Едва он переступил порог Ка’Редзонико, как в нем ожила старая неприязнь. Пышная вычурность этого горделиво возвышающегося на берегу Большого канала дворца — изукрашенные позолотой лестницы, знаменитая резная мебель работы Андреа Брустолона, громадные бальные залы — кричала о вкусах нувориша большого размаха, кичащегося этой роскошью, которая Антуану внушала холодное отвращение. В такую обстановку легко вписывались полотна Каналетто, а вот картины Лонги с их простотой и живостью выглядели совершенно неуместными. К счастью, во дворце был еще и второй ярус. Тут, между реконструированной старинной лавкой фармацевта и театром марионеток, «Новому Свету» Джандоменико Тьеполо было самое место. Несмотря на огромные размеры фрески — два метра в высоту и пять в ширину — в гигантском зале она казалась довольно скромной.
Антуан почувствовал прилив особой радости, которая захлестывала его всякий раз, когда он видел воочию какое–нибудь из своих любимых произведений искусства. Мягкие тона напоминали далекую одухотворенную Италию эпохи Пьеро делла Франческа. Но сюжет был невероятно современным и бесконечно странным. Художник приглашает посмотреть на что–то, чего нельзя увидеть. Это какое–то уличное зрелище. В толпе представлены все сословия: вот толстобрюхий буржуа в длинном парике, а вот Пьеро, сошедший с подмостков комедиа дель арте; согнувшиеся чуть не пополам дородные простолюдинки и кокетливо подбоченившаяся красотка в модной шляпе. Но самый загадочный персонаж — это человек, взобравшийся на табурет и держащий в руках длинную тонкую не то тростину, не то жердь, конец которой приходится на самый центр фрески.

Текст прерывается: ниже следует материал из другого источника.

theorem lemmaC3:
  fixes M :: "'a measure" and F :: "nat \<Rightarrow> 'a measure"
    and d v :: "nat \<Rightarrow> 'a \<Rightarrow> real" and \<alpha> :: "nat \<Rightarrow> real"
    and n :: nat and \<delta> R x :: real
  assumes "prob_space M"
    and "mart_diff_seq M F d n"
    and "\<And>i. i \<in> {1..n} \<Longrightarrow> v (i - 1) \<in> borel_measurable (F (i - 1))"
    and "\<And>i l. i \<in> {1..n} \<Longrightarrow> l > 0 \<Longrightarrow>
          AE \<omega> in M. nn_cond_exp M (F (i - 1)) (\<lambda>\<omega>. ennreal (exp (l * d i \<omega>))) \<omega>
                       \<le> ennreal (exp (l\<^sup>2 / 2 * v (i - 1) \<omega>))"
    and "0 < \<delta>" and "\<delta> < 1"
    and "R > 0" and "\<And>i. i \<in> {1..n} \<Longrightarrow> \<alpha> i > 0"
    and "measure M {\<omega> \<in> space M. (\<Sum>i=1..n. v (i - 1) \<omega>) \<le> (\<Sum>i=1..n. \<alpha> i * d i \<omega>) + R}
           \<ge> 1 - \<delta>"
    and "x > 0"
  shows "measure M {\<omega> \<in> space M. (\<Sum>i=1..n. d i \<omega>) \<ge> x}
           \<le> \<delta> + exp (- (x\<^sup>2 / (4 * Max (\<alpha> ` {1..n}) * x + 8 * R)))"
proof -
  interpret cond_subgaussian_mds M F d v n
    using assms(1-4) by (intro cond_subgaussian_mds.intro cond_subgaussian_mds_axioms.intro)
  show ?thesis
  proof (cases "n = 0")
    case True
    then show ?thesis using \<open>x > 0\<close> \<open>\<delta> > 0\<close> by (simp add: add_nonneg_nonneg)
  next
    case False
    define a where "a = Max (\<alpha> ` {1..n})"
    have \<alpha>_le: "\<alpha> i \<le> a" if "i \<in> {1..n}" for i
      using that by (simp add: a_def)
    have "0 < a" using \<alpha>_le[of 1] assms(8)[of 1] False by simp
    define l where "l = x / (2 * a * x + 4 * R)"
    note choice = chernoff_parameter_choice[OF \<open>0 < a\<close> \<open>R > 0\<close> \<open>x > 0\<close>, folded l_def]
    have "0 < l + 2 * l\<^sup>2 * \<alpha> i" "(l + 2 * l\<^sup>2 * \<alpha> i)\<^sup>2 / 2 \<le> 2 * l\<^sup>2"
      if "i \<in> {1..n}" for i
      using choice(1) choice(2)[of "\<alpha> i"] assms(8)[OF that] \<alpha>_le[OF that]
      by (auto intro!: add_pos_pos)
    then have "measure M {\<omega> \<in> space M. (\<Sum>i=1..n. d i \<omega>) \<ge> x}
        \<le> \<delta> + exp (- (l * x - 2 * l\<^sup>2 * R))"
      using choice(1) assms(9) by (intro measure_sum_ge_le_of_variance_bound) auto
    also have "\<dots> \<le> \<delta> + exp (- (x\<^sup>2 / (4 * a * x + 8 * R)))"
      using choice(3) by simp
    finally show ?thesis by (simp add: a_def)
  qed
qed

end
(* Let $A_*,R_*,\gamma>0$, let $r_k=R_*k^\gamma$, let $a_{1,1}=A_*$ and $a_{k,\ell}=0$ for $(k,\ell)\neq(1,1)$, and let $s_k\ge0$ satisfy: for every $\mu\ge0$, $\sum_k k^\mu s_k<\infty$, with $\mathfrak s_1:=\sum_k ks_k$. Consider the system $\frac{d}{dt}c_1=-A_*c_1^2+s_1-r_1c_1$, $\frac{d}{dt}c_2=\frac{A_*}{2}c_1^2+s_2-r_2c_2$, $\frac{d}{dt}c_k=s_k-r_kc_k$ $(k\ge3)$. Then: (1) Its unique nonnegative equilibrium is $$Q_1=\tfrac12\sqrt{\tfrac{r_1^2}{A_*^2}+\tfrac{4s_1}{A_*}}-\tfrac{r_1}{2A_*},\qquad Q_2=\tfrac{A_*}{2r_2}Q_1^2+\tfrac{s_2}{r_2},\qquad Q_k=\tfrac{s_k}{r_k}\ (k\ge3).$$ (2) For every nonnegative initial datum $c^{\mathrm{in}}$ with $\sum_k kc^{\mathrm{in}}_k<\infty$ and every $\mu\ge1$, the solution satisfies $\sum_{k\ge1}k^\mu|c_k(t)-Q_k|\le Ke^{-\kappa t}$ for all $t\ge1$, with $\kappa=\min\{\frac{A_*}{2\alpha},\frac{r_2}{2},\frac{3^\gamma}{2}R_*\}$, where $\alpha=(r_1^2/A_*^2+4s_1/A_* )^{-1/2}$, and $K$ a constant depending on $c^{\mathrm{in}}$, $\mu$ and the coefficients. (3) If moreover $A_*s_1\ge4R_*^2$, then for every $\mu\ge1$, every $\beta\in[0,1]$ and every nonnegative sequence $c$ (for which the sum converges), $2A_*(C_\mu+2)\sum_{\ell\ge1}\ell^{\mu+\beta}(c_\ell+Q_\ell)-R_*\ge(3(C_\mu+2)-1)R_*>0$, where $C_\mu=2^{\max\{\mu-2,0\}}\max\{\mu,\mu(\mu-1)\}$.
   Context: $\mathbb N=\{1,2,\dots\}$. Solutions of the system are understood as nonnegative classical solutions on $[0,\infty)$ with $c_k(0)=c_k^{\mathrm{in}}$. *)

theory Defs
  imports "HOL-Analysis.Analysis"
begin

text \<open>Sequences are indexed by nat; only indices k >= 1 are meaningful (index 0 is ignored).\<close>

definition rate :: "real \<Rightarrow> real \<Rightarrow> nat \<Rightarrow> real" where
  "rate Rs \<gamma> k = Rs * real k powr \<gamma>"

definition rhs :: "real \<Rightarrow> real \<Rightarrow> real \<Rightarrow> (nat \<Rightarrow> real) \<Rightarrow> (nat \<Rightarrow> real) \<Rightarrow> nat \<Rightarrow> real" where
  "rhs A Rs \<gamma> s c k =
     (if k = 1 then - A * (c 1)\<^sup>2 + s 1 - rate Rs \<gamma> 1 * c 1
      else if k = 2 then A / 2 * (c 1)\<^sup>2 + s 2 - rate Rs \<gamma> 2 * c 2
      else s k - rate Rs \<gamma> k * c k)"

definition is_equilibrium :: "real \<Rightarrow> real \<Rightarrow> real \<Rightarrow> (nat \<Rightarrow> real) \<Rightarrow> (nat \<Rightarrow> real) \<Rightarrow> bool" where
  "is_equilibrium A Rs \<gamma> s q \<longleftrightarrow> (\<forall>k\<ge>1. rhs A Rs \<gamma> s q k = 0)"

definition nonneg_seq :: "(nat \<Rightarrow> real) \<Rightarrow> bool" where
  "nonneg_seq q \<longleftrightarrow> (\<forall>k\<ge>1. q k \<ge> 0)"
(* Let $\Phi_1,\Phi_2$ be simple, stationary point processes on $\mathbb{R}^d$ such that $\Phi_1(B_O(r))\le_{uv}\Phi_2(B_O(r))$ for $r\ge0$. Then there exists $k_0\ge1$ such that for any bounded Borel $W\subset\mathbb{R}^d$: $\mathbb{E}\|C_k(\Phi_1,r)\cap W\|\ge\mathbb{E}\|C_k(\Phi_2,r)\cap W\|$ for all $1\le k\le k_0$, and $\mathbb{E}\|C_k(\Phi_1,r)\cap W\|\le\mathbb{E}\|C_k(\Phi_2,r)\cap W\|$ for all $k>k_0$.
   Context: $B_x(r)$ is the closed ball of radius $r$ centred at $x$, $O$ the origin, and $\|A\|$ the Lebesgue measure of $A$. The $k$-covered set is $C_k(\Phi,r)=\{x\in\mathbb{R}^d:\ x\in\bigcap_{i=1}^mB_{X_i}(r)$ for some $m\ge k$ and points $X_1,\dots,X_m\in\Phi\}$. Uniformly convex variable order: $X\le_{uv}Y$ if their densities (probability mass functions) $f,g$ satisfy $\mathrm{supp}(f)\subset\mathrm{supp}(g)$, $f/g$ is unimodal, and the distribution functions $F,G$ are not ordered (neither $F\le G$ nor $G\le F$ everywhere). *)

theory Defs
  imports "HOL-Probability.Probability"
begin

text \<open>A simple point process on a Euclidean space 'e, given as a random set of points
  (simple: no multiplicities) on a probability space M, which is locally finite and
  measurable w.r.t. the usual sigma-algebra generated by the counting variables
  Phi(B), B bounded Borel.\<close>
definition simple_point_process :: "'a measure \<Rightarrow> ('a \<Rightarrow> 'e::euclidean_space set) \<Rightarrow> bool" where
  "simple_point_process M Phi \<longleftrightarrow> prob_space M \<and>
     (\<forall>\<omega>\<in>space M. \<forall>B. bounded B \<longrightarrow> finite (Phi \<omega> \<inter> B)) \<and>
     (\<forall>B. bounded B \<and> B \<in> sets borel \<longrightarrow>
          (\<lambda>\<omega>. card (Phi \<omega> \<inter> B)) \<in> measurable M (count_space UNIV))"

text \<open>Stationarity: all finite-dimensional distributions of the counts are invariant
  under translation (Phi + x)(B) = Phi(B - x); equivalently the law of Phi + x is the law of Phi.\<close>
definition stationary_pp :: "'a measure \<Rightarrow> ('a \<Rightarrow> 'e::euclidean_space set) \<Rightarrow> bool" where
  "stationary_pp M Phi \<longleftrightarrow>
     (\<forall>(x::'e) (Bs::'e set list) (A::nat list set).
        (\<forall>B\<in>set Bs. bounded B \<and> B \<in> sets borel) \<longrightarrow>
        measure M {\<omega>\<in>space M. map (\<lambda>B. card (Phi \<omega> \<inter> B)) Bs \<in> A} =
        measure M {\<omega>\<in>space M. map (\<lambda>B. card ((\<lambda>p. p + x) ` Phi \<omega> \<inter> B)) Bs \<in> A})"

Что он делает? Явно не старается привлечь внимание зевак, уже на что–то уставившихся. Может быть, это деус–экс–махина, служащий посредником между художником и зрителем и указующий на нечто важное, но скрытое от наших глаз? И почему Джандоменико Тьеполо выбрал для изображения этого неведомого таинства стену семейного загородного дома? Ведь то, что он хотел выразить, оказывалось доступным лишь горстке друзей и домочадцев. В последние годы жизни, когда Джандоменико заканчивал эту фреску, он получал все менее значительные заказы во все менее крупных городах Италии. Как же он решился оставить свой шедевр, произведение, над которым работал почти полвека, на самой обыкновенной стене частного дома, который легко мог быть продан другому владельцу, какому–нибудь равнодушному к искусству толстосуму?
Антуан не отличался восторженностью. Но красота и оригинальность фрески, особенно вкупе с судьбой автора, чей талант так и не получил признания, потрясли его. Мимо один за другим проходили посетители, скользили пустым взглядом по стене, с любопытством осматривали театр марионеток и спускались обратно по монументальной лестнице. Первая монография, посвященная Джандоменико Тьеполо, была написана сравнительно недавно, в 1971 году, и ее постигла странная участь. Издательство, которое собиралось печатать книгу, переехало в Милан, и все материалы как в воду канули.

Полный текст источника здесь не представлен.